I love tea. I always have. In an Irish family, tea is basically a staple… you can’t escape it. Yes, I love coffee too, but I definitely own more varieties of tea than coffee. Tea is comforting for me. Tea is childhood illness, when my grandmother would make me a cup when I was home sick from school & my mom was at work, holding her hand to my forehead to see if I was “hot.” Tea is when I had a bad day as a teenager, and my mom would make me a cup before bed & tell me the day is over and tomorrow is a new start. Tea is family. Coffee is a jolt to get me going, whereas tea is a warm hug to settle me down.

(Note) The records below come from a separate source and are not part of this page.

lemma prob_space_opt_coupling: "prob_space opt_coupling"
proof (rule prob_spaceI)
  have "emeasure opt_coupling (space opt_coupling) = (\<integral>\<^sup>+z. ennreal (opt_density z) * 1 \<partial>lborel)"
    unfolding opt_coupling_def by (simp add: emeasure_density)
  also have "\<dots> = 1"
    using nn_integral_opt_density[of "\<lambda>_. 1"] by (simp add: nn_integral_g nn_integral_rP)
  finally show "emeasure opt_coupling (space opt_coupling) = 1" .
qed

lemma emeasure_distr_opt_coupling:
  assumes "f \<in> borel \<rightarrow>\<^sub>M borel" "A \<in> sets borel"
  shows "emeasure (distr opt_coupling borel f) A
    = (\<integral>\<^sup>+z. ennreal (opt_density z) * indicator A (f z) \<partial>lborel)"
proof -
  have "f -` A \<in> sets borel"
    using measurable_sets[OF assms] by simp
  then show ?thesis
    using assms unfolding opt_coupling_def
    by (subst emeasure_distr) (simp_all add: emeasure_density indicator_vimage)
qed

lemma distr_fst_opt_coupling: "distr opt_coupling borel fst = P"
proof (rule measure_eqI)
  show "sets (distr opt_coupling borel fst) = sets P"
    by (simp add: P_eq_density)
  fix A assume "A \<in> sets (distr opt_coupling borel fst)"
  then have [measurable]: "A \<in> sets borel" by simp
  have "emeasure (distr opt_coupling borel fst) A = (\<integral>\<^sup>+x. ennreal (rP x) * indicator A x \<partial>lborel)"
    using nn_integral_opt_density[of "\<lambda>z. indicator A (fst z)"]
    by (simp add: emeasure_distr_opt_coupling nn_integral_multc nn_integral_g)
  also have "\<dots> = emeasure P A"
    unfolding P_eq_density by (simp add: emeasure_density)
  finally show "emeasure (distr opt_coupling borel fst) A = emeasure P A" .
qed

lemma opt_coupling_in_couplings: "opt_coupling \<in> couplings P opt_marginal"
  unfolding couplings_def opt_marginal_def
  using prob_space_opt_coupling distr_fst_opt_coupling by (simp add: opt_coupling_def)

lemma is_prob_opt_marginal: "is_prob opt_marginal"
  unfolding is_prob_def opt_marginal_def
  using prob_space_opt_coupling
  by (auto intro!: prob_space.prob_space_distr simp: opt_coupling_def)

lemma has_leb_density_opt_coupling: "has_leb_density opt_coupling opt_density"
  unfolding has_leb_density_def opt_coupling_def using opt_density_nonneg by simp

lemma has_bochner_integral_opt_density: "has_bochner_integral lborel opt_density 1"
  using prob_space_opt_coupling
  by (intro has_bochner_integral_prob_density) (auto simp: opt_coupling_def opt_density_nonneg)

lemma AE_coupling_density_vanishes:
  assumes "\<pi> \<in> couplings P Q" "has_leb_density \<pi> r"
  shows "AE z in lborel. opt_density z = 0 \<longrightarrow> r z = 0"
proof -
  note r = coupling_densityD[OF assms]
  have [measurable]: "r \<in> borel_measurable borel" by (rule r(2))
  let ?N = "indicator {x. rP x = 0} :: 'a \<Rightarrow> ennreal"
  have "(\<integral>\<^sup>+z. ennreal (r z) * ?N (fst z) \<partial>lborel) = integral\<^sup>N P ?N"
    by (rule nn_integral_density_distr[OF _ _ _ r(5)]) auto
  also have "\<dots> = (\<integral>\<^sup>+x. ennreal (rP x) * ?N x \<partial>lborel)"
    unfolding P_eq_density by (subst nn_integral_density) auto
  also have "\<dots> = 0"
    by (subst nn_integral_0_iff_AE) (auto simp: indicator_def intro!: AE_I2)
  finally have "AE z in lborel. ennreal (r z) * ?N (fst z) = 0"
    by (subst (asm) nn_integral_0_iff_AE) auto
  then show ?thesis
  proof eventually_elim
    case (elim z)
    then show ?case
      using r(3)[of z] by (auto simp: opt_density_eq_0_iff indicator_def ennreal_eq_0_iff)
  qed
qed

definition affine_part :: "('a \<times> 'a \<Rightarrow> real) \<Rightarrow> 'a \<times> 'a \<Rightarrow> real" where
  "affine_part r z = r z * sq_dist z / \<epsilon> - r z * ln (rP (fst z)) + r z * C - r z + opt_density z"

lemma AE_rel_entropy_integrand_eq:
  assumes "\<pi> \<in> couplings P Q" "has_leb_density \<pi> r"
  shows "AE z in lborel.
    rel_entropy_integrand (r z) (opt_density z) = r z * ln (r z) + affine_part r z"
  using AE_coupling_density_vanishes[OF assms]
proof eventually_elim
  case (elim z)
  show ?case
  proof (cases "rP (fst z) = 0")
    case True
    then show ?thesis
      using elim by (simp add: opt_density_eq_0_iff rel_entropy_integrand_def affine_part_def)
  next
    case False
    then have "0 < rP (fst z)" using rP_nonneg[of "fst z"] by simp
    then show ?thesis
      by (simp add: rel_entropy_integrand_def affine_part_def ln_opt_density algebra_simps)
  qed
qed

lemma AE_rel_entropy_integrand_nonneg:
  assumes "\<pi> \<in> couplings P Q" "has_leb_density \<pi> r"
  shows "AE z in lborel. 0 \<le> rel_entropy_integrand (r z) (opt_density z)"
  using AE_coupling_density_vanishes[OF assms]
  by eventually_elim
    (use coupling_densityD(3)[OF assms] opt_density_nonneg in \<open>auto intro: rel_entropy_integrand_nonneg\<close>)

lemma has_bochner_integral_affine_part:
  assumes "\<pi> \<in> couplings P Q" "has_leb_density \<pi> r" "quad_cost \<pi> \<noteq> \<infinity>"
  shows "has_bochner_integral lborel (affine_part r)
    (real_of_ereal (quad_cost \<pi>) / \<epsilon> - integral\<^sup>L P (\<lambda>x. ln (rP x)) + C)"
proof -
  note r = coupling_densityD[OF assms(1,2)]
  have [measurable]: "r \<in> borel_measurable borel" by (rule r(2))
  have "has_bochner_integral lborel (\<lambda>z. r z * ln (rP (fst z))) (integral\<^sup>L P (\<lambda>x. ln (rP x)))"
    by (rule has_bochner_integral_density_distr[OF _ _ _ r(3) r(5) integrable_ln_rP]) auto
  moreover have "has_bochner_integral lborel r 1"
    using r by (intro has_bochner_integral_prob_density) auto
  ultimately have "has_bochner_integral lborel (affine_part r)
    (real_of_ereal (quad_cost \<pi>) / \<epsilon> - integral\<^sup>L P (\<lambda>x. ln (rP x)) + 1 * C - 1 + 1)"
    unfolding affine_part_def[abs_def]
    by (intro has_bochner_integral_add has_bochner_integral_diff has_bochner_integral_divide_zero
        has_bochner_integral_mult_left has_bochner_integral_quad_cost assms(2,3)
        has_bochner_integral_opt_density)
  then show ?thesis by simp
qed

I made a super crazy good tea jelly last summer, and it was such a massive hit that all four jars disappeared. One I sent to Lyns, and the other three just seemingly vaporized. I know I used it for a few things, and I remember having it on scones and English muffins, but I definitely don’t remember all the jars being used up. Hmm. But nonetheless they were, and now they’re seemingly gone, so it was time to make some more. I really liked the tea I used last year, but I wanted something different this year. I was still in a summer mood at the time, and it was so hot out I didn’t want to make anything too heavy or wintery, and a lot of my loose teas remind me of fall & winter. I wanted to avoid that completely- I’m more than a little annoyed that the Back To School stuff has been in stores since before my birthday and that people are trying to sell me sweaters. It’s still summer, dammit! I’ve also been reading a lot of my vintage cookbooks, or rather my reprints of vintage cookbooks, such as The Virginia House-Wife, The American Frugal Housewife & Civil War Recipes; and for some reason they all made me think of things like rose or lavender-based jellies and jams. Flowery edible things always remind me of the Colonial times or Victorian times. Rosewater was often used back then in recipes in place of vanilla extract, which was very expensive. Although it’s still used widely today, especially in Indian & Middle Eastern cuisine, most people nowadays use it as part of their toilette. Rosewater is great for your skin- it absorbs excess oil so it makes a great toner.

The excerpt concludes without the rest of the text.